Please find how many lines of the data contain the string "where", and respond with that number only.

-- AVAILABLE RECORDS follows --

(* There exists a uniform mixture of $k$ Gaussian distributions in $\mathbb R^d$ with identity covariance such that any algorithm (not necessarily efficient) that, given samples $y_1,\dots,y_n$ from the mixture, outputs for each sample $r$ a mean estimate $\mu_{k_r}$, incurs expected error $\mathbb E\Big[\frac1n\sum_{r=1}^n\|\mu_{k_r}-\mu^*_{k^*_r}\|_2^2\Big]\geq c\log k$ for some absolute constant $c>0$.
   Context: $\mu^*_{k^*_r}$ denotes the true mean of the component from which sample $y_r$ was generated. *)

theory Defs
  imports "HOL-Probability.Probability"
begin

text \<open>Vectors in R^d are represented as functions nat => real, of which only the
coordinates i < d matter.\<close>

definition gauss :: "nat \<Rightarrow> (nat \<Rightarrow> real) \<Rightarrow> (nat \<Rightarrow> real) measure" where
  "gauss d \<mu> = PiM {..<d} (\<lambda>i. density lborel (normal_density (\<mu> i) 1))"

definition sqdist :: "nat \<Rightarrow> (nat \<Rightarrow> real) \<Rightarrow> (nat \<Rightarrow> real) \<Rightarrow> real" where
  "sqdist d x y = (\<Sum>i<d. (x i - y i)\<^sup>2)"

definition obs_space :: "nat \<Rightarrow> nat \<Rightarrow> (nat \<Rightarrow> nat \<Rightarrow> real) measure" where
  "obs_space n d = PiM {..<n} (\<lambda>_. PiM {..<d} (\<lambda>_. lborel))"

text \<open>The true labels z_r are
i.i.d. uniform on {..<k} (hence the average over all label vectors), and given z the
samples y_r are independent with y_r ~ N(mus (z r), I_d).  The algorithm sees the
samples ys and outputs k mean estimates  means ys j  and a label  lab ys r  for each
sample r; the error is (1/n) sum_r || means ys (lab ys r) - mus (z r) ||^2.\<close>
definition expected_error ::
  "nat \<Rightarrow> nat \<Rightarrow> nat \<Rightarrow> (nat \<Rightarrow> nat \<Rightarrow> real)
   \<Rightarrow> ((nat \<Rightarrow> nat \<Rightarrow> real) \<Rightarrow> nat \<Rightarrow> nat \<Rightarrow> real)
   \<Rightarrow> ((nat \<Rightarrow> nat \<Rightarrow> real) \<Rightarrow> nat \<Rightarrow> nat) \<Rightarrow> ennreal" where
  "expected_error k d n mus means lab =
     ennreal (1 / real k ^ n) *
     (\<Sum>z\<in>PiE {..<n} (\<lambda>_. {..<k}).
        \<integral>\<^sup>+ ys. ennreal ((1 / real n) * (\<Sum>r<n. sqdist d (means ys (lab ys r)) (mus (z r))))
          \<partial>(PiM {..<n} (\<lambda>r. gauss d (mus (z r)))))"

-- AVAILABLE RECORDS concluded --

- ANSWER BELOW:
4